[Dataset entries]
(* Let $V$ be a poset, $m$ a maximal node of positive height, and let $U$ be a splitting of $V$ at $m$ with splitting map $\varphi$ and associated set $\mathcal M=\varphi^{-1}(m)$. Then $d_{L_U(n)}(n)=d_{L_V(\varphi(n))}(\varphi(n))$ for every node $n\in U\setminus\mathcal M$ of positive height.
   Context: For a poset $W$: $L_W(u)=\{v\le u\}$, $G(u)=\{v\ge u\}$; height of $u$ is the supremum of lengths of chains in $L(u)$; $H_1$ = height-one nodes; $\mathcal H_W$ = minimal nodes together with height-one nodes dominating at least two minimal nodes. For a poset $W$ with single maximal node $n$ and dimension $\ge1$: $\mathcal H_W^*=\mathcal H_W\setminus\{n\}$; $\Lambda_W$ = $(H_1\cap\mathcal H_W^* )$ together with all $v\in\mathcal H_W^*$ with $G(v)\cap H_1\cap\mathcal H_W^*=\emptyset$; $d_W(n)=|\Lambda_W|$. Splitting: $U$ is a splitting of $V$ at $m$ via $\varphi:U\to V$ if $\varphi$ is surjective order-preserving, there is a finite nonempty $\mathcal M\subseteq\max U$ of positive-height nodes with $\varphi^{-1}(m)=\mathcal M$, $|\varphi^{-1}(v)|=1$ for $v\ne m$, and whenever $\varphi(x')=x\le y$ there is $y'\ge x'$ with $\varphi(y')=y$. *)

theory Defs
  imports Main "HOL-Library.Extended_Nat"
begin

definition poset :: "'a set \<Rightarrow> ('a \<Rightarrow> 'a \<Rightarrow> bool) \<Rightarrow> bool" where
  "poset W le \<longleftrightarrow>
     (\<forall>x\<in>W. le x x) \<and>
     (\<forall>x\<in>W. \<forall>y\<in>W. le x y \<and> le y x \<longrightarrow> x = y) \<and>
     (\<forall>x\<in>W. \<forall>y\<in>W. \<forall>z\<in>W. le x y \<and> le y z \<longrightarrow> le x z)"

definition downset :: "'a set \<Rightarrow> ('a \<Rightarrow> 'a \<Rightarrow> bool) \<Rightarrow> 'a \<Rightarrow> 'a set" where
  "downset W le u = {v\<in>W. le v u}"

definition upset :: "'a set \<Rightarrow> ('a \<Rightarrow> 'a \<Rightarrow> bool) \<Rightarrow> 'a \<Rightarrow> 'a set" where
  "upset W le u = {v\<in>W. le u v}"

definition is_chain :: "('a \<Rightarrow> 'a \<Rightarrow> bool) \<Rightarrow> 'a set \<Rightarrow> bool" where
  "is_chain le C \<longleftrightarrow> (\<forall>x\<in>C. \<forall>y\<in>C. le x y \<or> le y x)"

text \<open>Height: supremum of lengths (number of elements minus one) of chains in the downset.
  Infinite chains contain arbitrarily long finite ones, so finite chains suffice.\<close>
definition height :: "'a set \<Rightarrow> ('a \<Rightarrow> 'a \<Rightarrow> bool) \<Rightarrow> 'a \<Rightarrow> enat" where
  "height W le u = Sup {enat (card C - 1) | C. finite C \<and> C \<noteq> {} \<and> C \<subseteq> downset W le u \<and> is_chain le C}"

definition minimal_nodes :: "'a set \<Rightarrow> ('a \<Rightarrow> 'a \<Rightarrow> bool) \<Rightarrow> 'a set" where
  "minimal_nodes W le = {u\<in>W. \<forall>v\<in>W. le v u \<longrightarrow> v = u}"

definition maximal_nodes :: "'a set \<Rightarrow> ('a \<Rightarrow> 'a \<Rightarrow> bool) \<Rightarrow> 'a set" where
  "maximal_nodes W le = {u\<in>W. \<forall>v\<in>W. le u v \<longrightarrow> v = u}"

definition H1 :: "'a set \<Rightarrow> ('a \<Rightarrow> 'a \<Rightarrow> bool) \<Rightarrow> 'a set" where
  "H1 W le = {u\<in>W. height W le u = 1}"

definition HH :: "'a set \<Rightarrow> ('a \<Rightarrow> 'a \<Rightarrow> bool) \<Rightarrow> 'a set" where
  "HH W le = minimal_nodes W le \<union>
     {u\<in>H1 W le. \<exists>a b. a \<in> minimal_nodes W le \<and> b \<in> minimal_nodes W le \<and> a \<noteq> b \<and> le a u \<and> le b u}"

definition HH_star :: "'a set \<Rightarrow> ('a \<Rightarrow> 'a \<Rightarrow> bool) \<Rightarrow> 'a \<Rightarrow> 'a set" where
  "HH_star W le n = HH W le - {n}"

definition Lambda :: "'a set \<Rightarrow> ('a \<Rightarrow> 'a \<Rightarrow> bool) \<Rightarrow> 'a \<Rightarrow> 'a set" where
  "Lambda W le n = (H1 W le \<inter> HH_star W le n) \<union>
     {v\<in>HH_star W le n. upset W le v \<inter> H1 W le \<inter> HH_star W le n = {}}"

definition ecard :: "'a set \<Rightarrow> enat" where
  "ecard A = (if finite A then enat (card A) else \<infinity>)"

definition dW :: "'a set \<Rightarrow> ('a \<Rightarrow> 'a \<Rightarrow> bool) \<Rightarrow> 'a \<Rightarrow> enat" where
  "dW W le n = ecard (Lambda W le n)"

definition splitting ::
  "'a set \<Rightarrow> ('a \<Rightarrow> 'a \<Rightarrow> bool) \<Rightarrow> 'b set \<Rightarrow> ('b \<Rightarrow> 'b \<Rightarrow> bool) \<Rightarrow> 'b \<Rightarrow> ('a \<Rightarrow> 'b) \<Rightarrow> bool" where
  "splitting U leU V leV m phi \<longleftrightarrow>
     phi ` U = V \<and>
     (\<forall>x\<in>U. \<forall>y\<in>U. leU x y \<longrightarrow> leV (phi x) (phi y)) \<and>
     (\<exists>M. finite M \<and> M \<noteq> {} \<and> M \<subseteq> maximal_nodes U leU \<and> (\<forall>x\<in>M. height U leU x > 0) \<and>
          {x\<in>U. phi x = m} = M) \<and>
     (\<forall>v\<in>V. v \<noteq> m \<longrightarrow> card {x\<in>U. phi x = v} = 1) \<and>
     (\<forall>x'\<in>U. \<forall>y\<in>V. leV (phi x') y \<longrightarrow> (\<exists>y'\<in>U. leU x' y' \<and> phi y' = y))"

end

theory Submission
  imports Defs
begin

text \<open>Away from the split node the splitting map is injective, and it reflects the order:
  a comparability \<open>\<phi> x \<le> \<phi> y\<close> lifts to some \<open>x \<le> y'\<close> with \<open>\<phi> y' = \<phi> y\<close>, and \<open>y' = y\<close> by uniqueness
  of preimages. Nodes below \<open>n\<close> avoid the fibre \<open>\<M>\<close>, since \<open>\<M>\<close> consists of maximal nodes and
  \<open>n \<notin> \<M>\<close>. So \<open>\<phi>\<close> restricts to an order isomorphism \<open>L\<^sub>U(n) \<cong> L\<^sub>V(\<phi> n)\<close>, and \<open>d\<close> is defined
  purely in terms of the order, hence invariant.\<close>

definition finite_chains_below :: "'a set \<Rightarrow> ('a \<Rightarrow> 'a \<Rightarrow> bool) \<Rightarrow> 'a \<Rightarrow> 'a set set" where
  "finite_chains_below W le u = {C. finite C \<and> C \<noteq> {} \<and> C \<subseteq> downset W le u \<and> is_chain le C}"

lemma height_eq_Sup_chains:
  "height W le u = Sup ((\<lambda>C. enat (card C - 1)) ` finite_chains_below W le u)"
  unfolding height_def finite_chains_below_def by (simp add: setcompr_eq_image)

lemma Collect_bij_betw_eq_image:
  assumes "bij_betw f A B" and "\<And>x. x \<in> A \<Longrightarrow> Q (f x) \<longleftrightarrow> P x"
  shows "{y\<in>B. Q y} = f ` {x\<in>A. P x}"
  using assms unfolding bij_betw_def by auto

locale order_iso =
  fixes A :: "'a set" and le :: "'a \<Rightarrow> 'a \<Rightarrow> bool"
    and B :: "'b set" and le' :: "'b \<Rightarrow> 'b \<Rightarrow> bool" and f :: "'a \<Rightarrow> 'b"
  assumes bij: "bij_betw f A B"
    and le_iff: "\<And>x y. x \<in> A \<Longrightarrow> y \<in> A \<Longrightarrow> le' (f x) (f y) \<longleftrightarrow> le x y"
begin

lemma inj: "inj_on f A"
  using bij by (rule bij_betw_imp_inj_on)

lemma image_eq: "f ` A = B"
  using bij by (rule bij_betw_imp_surj_on)

lemma eq_iff: "x \<in> A \<Longrightarrow> y \<in> A \<Longrightarrow> f x = f y \<longleftrightarrow> x = y"
  using inj by (rule inj_on_eq_iff)

lemma downset_image: "u \<in> A \<Longrightarrow> downset B le' (f u) = f ` downset A le u"
  unfolding downset_def by (rule Collect_bij_betw_eq_image[OF bij]) (simp add: le_iff)

lemma upset_image: "u \<in> A \<Longrightarrow> upset B le' (f u) = f ` upset A le u"
  unfolding upset_def by (rule Collect_bij_betw_eq_image[OF bij]) (simp add: le_iff)

lemma minimal_nodes_image: "minimal_nodes B le' = f ` minimal_nodes A le"
  unfolding minimal_nodes_def
  by (rule Collect_bij_betw_eq_image[OF bij]) (auto simp: image_eq[symmetric] le_iff eq_iff)

lemma image_subset_image_iff: "C \<subseteq> A \<Longrightarrow> D \<subseteq> A \<Longrightarrow> f ` C \<subseteq> f ` D \<longleftrightarrow> C \<subseteq> D"
  using inj unfolding inj_on_def by blast

lemma is_chain_image: "C \<subseteq> A \<Longrightarrow> is_chain le' (f ` C) \<longleftrightarrow> is_chain le C"
  unfolding is_chain_def by (auto simp: le_iff subset_iff)

lemma finite_chains_below_image:
  assumes u: "u \<in> A"
  shows "finite_chains_below B le' (f u) = image f ` finite_chains_below A le u"
proof -
  have "finite_chains_below B le' (f u) = {D\<in>Pow B. finite D \<and> D \<noteq> {} \<and> D \<subseteq> f ` downset A le u \<and> is_chain le' D}"
    using image_eq unfolding finite_chains_below_def downset_image[OF u] by (auto simp: downset_def)
  also have "\<dots> = image f ` {C\<in>Pow A. finite (f ` C) \<and> f ` C \<noteq> {} \<and> f ` C \<subseteq> f ` downset A le u \<and> is_chain le' (f ` C)}"
    by (rule Collect_bij_betw_eq_image[OF bij_betw_Pow[OF bij]]) (rule refl)
  also have "\<dots> = image f ` finite_chains_below A le u"
  proof (intro arg_cong[where f = "image (image f)"] set_eqI)
    fix C
    have "downset A le u \<subseteq> A" by (auto simp: downset_def)
    then show "C \<in> {C\<in>Pow A. finite (f ` C) \<and> f ` C \<noteq> {} \<and> f ` C \<subseteq> f ` downset A le u \<and> is_chain le' (f ` C)}
      \<longleftrightarrow> C \<in> finite_chains_below A le u"
      unfolding finite_chains_below_def
      by (auto simp: finite_image_iff[OF inj_on_subset[OF inj]] image_subset_image_iff is_chain_image)
  qed
  finally show ?thesis .
qed

lemma height_image: "u \<in> A \<Longrightarrow> height B le' (f u) = height A le u"
proof -
  assume u: "u \<in> A"
  have "card (f ` C) = card C" if "C \<in> finite_chains_below A le u" for C
    using that inj_on_subset[OF inj] unfolding finite_chains_below_def downset_def
    by (auto intro: card_image)
  then show ?thesis
    unfolding height_eq_Sup_chains finite_chains_below_image[OF u] image_image
    by (intro arg_cong[where f = Sup] image_cong) simp_all
qed

lemma H1_image: "H1 B le' = f ` H1 A le"
  unfolding H1_def by (rule Collect_bij_betw_eq_image[OF bij]) (simp add: height_image)

lemma Collect_image_eq_image:
  "S \<subseteq> A \<Longrightarrow> (\<And>x. x \<in> S \<Longrightarrow> Q (f x) \<longleftrightarrow> P x) \<Longrightarrow> {y\<in>f ` S. Q y} = f ` {x\<in>S. P x}"
  by (rule Collect_bij_betw_eq_image[OF inj_on_imp_bij_betw[OF inj_on_subset[OF inj]]])

lemma HH_image: "HH B le' = f ` HH A le"
proof -
  have min_A: "minimal_nodes A le \<subseteq> A" and H1_A: "H1 A le \<subseteq> A"
    unfolding minimal_nodes_def H1_def by auto
  show ?thesis
    unfolding HH_def minimal_nodes_image H1_image image_Un
    using H1_A min_A by (subst Collect_image_eq_image) (auto simp: le_iff eq_iff subset_iff)
qed

lemma HH_star_image: "n \<in> A \<Longrightarrow> HH_star B le' (f n) = f ` HH_star A le n"
  unfolding HH_star_def HH_image
  using inj_on_image_set_diff[OF inj, of "HH A le" "{n}"] by (auto simp: HH_def minimal_nodes_def H1_def)

lemma Lambda_image:
  assumes n: "n \<in> A"
  shows "Lambda B le' (f n) = f ` Lambda A le n"
proof -
  have H1_A: "H1 A le \<subseteq> A" and HH_star_A: "HH_star A le n \<subseteq> A"
    by (auto simp: H1_def HH_star_def HH_def minimal_nodes_def)
  have upset_A: "upset A le v \<subseteq> A" for v
    by (auto simp: upset_def)
  show ?thesis
    unfolding Lambda_def H1_image HH_star_image[OF n] image_Un
      inj_on_image_Int[OF inj H1_A HH_star_A, symmetric]
    using HH_star_A H1_A upset_A
    by (subst Collect_image_eq_image) (auto simp: upset_image eq_iff subset_iff)
qed

lemma dW_image: "n \<in> A \<Longrightarrow> dW B le' (f n) = dW A le n"
proof -
  assume n: "n \<in> A"
  have "inj_on f (Lambda A le n)"
    by (rule inj_on_subset[OF inj]) (auto simp: Lambda_def HH_star_def HH_def minimal_nodes_def H1_def)
  then show ?thesis
    unfolding dW_def ecard_def Lambda_image[OF n] by (simp add: finite_image_iff card_image)
qed

end

lemma splitting_image: "splitting U leU V leV m phi \<Longrightarrow> phi ` U = V"
  unfolding splitting_def by blast

lemma splitting_mono:
  "splitting U leU V leV m phi \<Longrightarrow> x \<in> U \<Longrightarrow> y \<in> U \<Longrightarrow> leU x y \<Longrightarrow> leV (phi x) (phi y)"
  unfolding splitting_def by blast

lemma splitting_fibre_maximal:
  "splitting U leU V leV m phi \<Longrightarrow> x \<in> U \<Longrightarrow> phi x = m \<Longrightarrow> x \<in> maximal_nodes U leU"
  unfolding splitting_def by blast

lemma splitting_inj_off_split_node:
  assumes sp: "splitting U leU V leV m phi"
    and "x \<in> U" "y \<in> U" "phi x = phi y" "phi x \<noteq> m"
  shows "x = y"
proof -
  have "card {z\<in>U. phi z = phi x} = 1"
    using sp assms(2,5) unfolding splitting_def by blast
  then obtain a where "{z\<in>U. phi z = phi x} = {a}"
    by (rule card_1_singletonE)
  moreover have "x \<in> {z\<in>U. phi z = phi x}" "y \<in> {z\<in>U. phi z = phi x}"
    using assms(2-4) by auto
  ultimately show ?thesis
    by (metis singletonD)
qed

lemma splitting_reflects_le:
  assumes sp: "splitting U leU V leV m phi"
    and x: "x \<in> U" and y: "y \<in> U" and "phi y \<noteq> m" and le: "leV (phi x) (phi y)"
  shows "leU x y"
proof -
  have "phi y \<in> V"
    using splitting_image[OF sp] y by blast
  then obtain y' where y': "y' \<in> U" "leU x y'" "phi y' = phi y"
    using sp x le unfolding splitting_def by blast
  have "y' = y"
    using splitting_inj_off_split_node[OF sp y'(1) y y'(3)] y'(3) \<open>phi y \<noteq> m\<close> by simp
  then show ?thesis
    using y'(2) by simp
qed

lemma splitting_downset_order_iso:
  assumes sp: "splitting U leU V leV m phi" and n: "n \<in> U" "phi n \<noteq> m"
  shows "order_iso (downset U leU n) leU (downset V leV (phi n)) leV phi"
proof
  have off_m: "phi x \<noteq> m" if "x \<in> downset U leU n" for x
    using that n splitting_fibre_maximal[OF sp] unfolding downset_def maximal_nodes_def by blast
  show "bij_betw phi (downset U leU n) (downset V leV (phi n))"
    unfolding bij_betw_def
  proof
    show "inj_on phi (downset U leU n)"
      using off_m splitting_inj_off_split_node[OF sp]
      unfolding inj_on_def downset_def by blast
    show "phi ` downset U leU n = downset V leV (phi n)"
      using n splitting_image[OF sp] splitting_mono[OF sp] splitting_reflects_le[OF sp]
      unfolding downset_def by auto
  qed
  show "leV (phi x) (phi y) \<longleftrightarrow> leU x y"
    if "x \<in> downset U leU n" "y \<in> downset U leU n" for x y
    using that off_m splitting_mono[OF sp] splitting_reflects_le[OF sp]
    unfolding downset_def by blast
qed

theorem lemma5p5:
  fixes U :: "'a set" and leU :: "'a \<Rightarrow> 'a \<Rightarrow> bool"
    and V :: "'b set" and leV :: "'b \<Rightarrow> 'b \<Rightarrow> bool"
    and m :: 'b and phi :: "'a \<Rightarrow> 'b" and n :: 'a
  assumes "poset U leU" and "poset V leV"
    and "m \<in> maximal_nodes V leV" and "height V leV m > 0"
    and "splitting U leU V leV m phi"
    and "n \<in> U" and "phi n \<noteq> m" and "height U leU n > 0"
  shows "dW (downset U leU n) leU n = dW (downset V leV (phi n)) leV (phi n)"
proof -
  have "n \<in> downset U leU n"
    using assms(1,6) unfolding poset_def downset_def by blast
  then show ?thesis
    using order_iso.dW_image[OF splitting_downset_order_iso[OF assms(5-7)]] by simp
qed

end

ASSIGNMENT:
Reproduce the lines of the records exactly, from the first one through the line that contains "(\<forall>x\<in>W. le x x) \<and>".

TASK SOLUTION:
(* Let $V$ be a poset, $m$ a maximal node of positive height, and let $U$ be a splitting of $V$ at $m$ with splitting map $\varphi$ and associated set $\mathcal M=\varphi^{-1}(m)$. Then $d_{L_U(n)}(n)=d_{L_V(\varphi(n))}(\varphi(n))$ for every node $n\in U\setminus\mathcal M$ of positive height.
   Context: For a poset $W$: $L_W(u)=\{v\le u\}$, $G(u)=\{v\ge u\}$; height of $u$ is the supremum of lengths of chains in $L(u)$; $H_1$ = height-one nodes; $\mathcal H_W$ = minimal nodes together with height-one nodes dominating at least two minimal nodes. For a poset $W$ with single maximal node $n$ and dimension $\ge1$: $\mathcal H_W^*=\mathcal H_W\setminus\{n\}$; $\Lambda_W$ = $(H_1\cap\mathcal H_W^* )$ together with all $v\in\mathcal H_W^*$ with $G(v)\cap H_1\cap\mathcal H_W^*=\emptyset$; $d_W(n)=|\Lambda_W|$. Splitting: $U$ is a splitting of $V$ at $m$ via $\varphi:U\to V$ if $\varphi$ is surjective order-preserving, there is a finite nonempty $\mathcal M\subseteq\max U$ of positive-height nodes with $\varphi^{-1}(m)=\mathcal M$, $|\varphi^{-1}(v)|=1$ for $v\ne m$, and whenever $\varphi(x')=x\le y$ there is $y'\ge x'$ with $\varphi(y')=y$. *)

theory Defs
  imports Main "HOL-Library.Extended_Nat"
begin

definition poset :: "'a set \<Rightarrow> ('a \<Rightarrow> 'a \<Rightarrow> bool) \<Rightarrow> bool" where
  "poset W le \<longleftrightarrow>
     (\<forall>x\<in>W. le x x) \<and>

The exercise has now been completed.